I have an alogirithm that I am trying to parallelize, because of very long run times in serial. However, the function that needs to be parallelized is inside a class. multiprocessing.Pool
seems to be the best and fastest way to do this, but there is a problem. It's target function can not be a function of an object instance. Meaning this; you declare a Pool
in the following way:
import multiprocessing as mp
cpus = mp.cpu_count()
poolCount = cpus*2
pool = mp.Pool(processes = poolCount, maxtasksperchild = 2)
And then actually use it as so:
pool.map(self.TargetFunction, args)
But this throws an error, because object instances cannot be pickled, as the Pool
function does to pass information to all of its child processes. But I have to use self.TargetFunction
So I had an idea, I would create a new Python file named parallel
and simply write a couple of functions without putting them in a class, and call those functions from within my original class (of whose function I want to parallelize)
So I tried this:
import multiprocessing as mp
def MatrixHelper(args):
WM = args[0][0]
print(WM.CreateMatrixMp(*args))
return WM.CreateMatrixMp(*args)
def Start(sigmaI, sigmaX, numPixels, WM):
cpus = mp.cpu_count()
poolCount = cpus * 2
args = [(WM, sigmaI, sigmaX, i) for i in range(numPixels)]
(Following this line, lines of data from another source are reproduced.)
lemma comb_lang_product_dfa:
  assumes "2 \<le> m" "2 \<le> n"
  shows "is_dfa_for (m * n) (prod_delta m n) 0
           {q. q < m * n \<and> f (q div n = m - 1) (q mod n = n - 1)} (comb_lang f m n)"
proof -
  have "prod_delta m n q x < m * n" if "q < m * n" for q x
  proof -
    have "q div n < m" "q mod n < n" using that assms by (auto simp: less_mult_imp_div_less)
    then show ?thesis unfolding prod_delta_def using assms U_delta_lt pair_index_lt by blast
  qed
  moreover have "foldl (prod_delta m n) 0 w \<in> {q. q < m * n \<and> f (q div n = m - 1) (q mod n = n - 1)}
      \<longleftrightarrow> comb_accepts f m n 0 0 w" for w
  proof -
    define a where "a = foldl (U_delta m) 0 w"
    define b where "b = foldl (U_delta n) 0 w"
    have "a < m" "b < n" using assms foldl_U_lt by (auto simp: a_def b_def)
    moreover have "foldl (prod_delta m n) 0 w = a * n + b"
      using foldl_prod_delta[OF assms, of 0 0 w] assms by (simp add: a_def b_def)
    ultimately show ?thesis by (simp add: comb_accepts_def pair_index_lt flip: a_def b_def)
  qed
  ultimately show ?thesis using assms by (auto simp: is_dfa_for_def comb_lang_def)
qed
print('Number of cpu\'s to process WM:%d'%cpus)
pool = mp.Pool(processes = poolCount, maxtasksperchild = 2)
tempData = pool.map(MatrixHelper, args)
return tempData
These functions are not part of a class, using MatrixHelper
in Pool
s map
function works fine. But I realized while doing this that it was no way out. The function in need of parallelization (CreateMatrixMp
) expects an object to be passed to it (it is declared as def CreateMatrixMp(self, sigmaI, sigmaX, i)
)
Since it is not being called from within its class, it doesn't get a self
passed to it. To solve this, I passed the Start
funtion the calling object itself. As in, I say parallel.Start(sigmaI, sigmaX, self.numPixels, self)
. The object self
then becomes WM
so that I will be able to finally call the desired function as WM.CreateMatrixMp()
.
I'm sure that that is a very sloppy way of coding, but I just wanted to see if it would work. But nope, pickling error again, the map
function cannot handle any objects instances at all.
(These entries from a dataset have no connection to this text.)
(* Let $G$ be the visibility graph of a funnel with chains $L=\{\lambda_0,\dots,\lambda_{n_L}\}$ and $R=\{\rho_0,\dots,\rho_{n_R}\}$. Let $W:=L_\ell\cup R_r$ be a base (with $0\le \ell\le n_L$, $0\le r\le n_R$), and let $d(\ell)\in N[\lambda_\ell]$ and $d(r)\in N[\rho_r]$ be two vertices of $G$. Then at least one of the sets $W\setminus N[d(\ell)]$, $W\setminus N[d(r)]$, or $W\setminus (N[d(\ell)]\cup N[d(r)])$ is a base.
   Context: A terrain is an $x$-monotone polygonal chain given by finitely many vertices with distinct $x$-coordinates; two vertices $p$ (left) and $q$ (right) see each other if every terrain vertex strictly between them in $x$-order lies strictly below segment $pq$; the visibility graph has an edge for every pair that sees each other. An interior terrain vertex is convex if its two chain-neighbors see each other. A funnel is a terrain with exactly one convex vertex (the bottom) whose leftmost and rightmost vertices see each other. The chains: $L=\{\lambda_0,\dots,\lambda_{n_L}\}$ are the bottom and the vertices left of it, $R=\{\rho_0,\dots,\rho_{n_R}\}$ the bottom and the vertices right of it, each ordered by increasing $y$-coordinate, so $\lambda_0=\rho_0$ is the bottom. For integers $-1\le \ell\le n_L$ and $-1\le r\le n_R$ let $L_\ell:=\{\lambda_0,\dots,\lambda_\ell\}$ and $R_r:=\{\rho_0,\dots,\rho_r\}$ (with $L_{-1}=R_{-1}=\emptyset$). A vertex set $U$ is a base if $U=L_\ell\cup R_r$ for some such $\ell,r$. $N[v]$ is the closed neighborhood in $G$. *)

theory Defs
  imports Complex_Main
begin

definition terrain :: "(nat \<Rightarrow> real \<times> real) \<Rightarrow> nat \<Rightarrow> bool" where
  "terrain p n \<longleftrightarrow> (\<forall>i j. i < j \<and> j \<le> n \<longrightarrow> fst (p i) < fst (p j))"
So my question is, why is it designed this way? It seems useless, it seems to be completely disfunctional in any program that uses classes at all.
I tried using Process
rather than Pool
, but this requires the array that I am ultimately writing to to be shared, which requires processes waiting for eachother. If I don't want it to be shared, then I have each process write its own smaller array, and do one big write at the end. But both of these result in slower run times than when I was doing this serially! Pythons builtin multiprocessing
seems absolutely useless!
Can someone please give me some guidance as to how to actually save time with multiprocessing, in the context of my tagret function being inside a class? I have read on posts here to use pathos.multiprocessing
instead, but I am on Windows, and am working on this project with multiple people who all have different set ups. Having everyone try to install it would be inconveinient.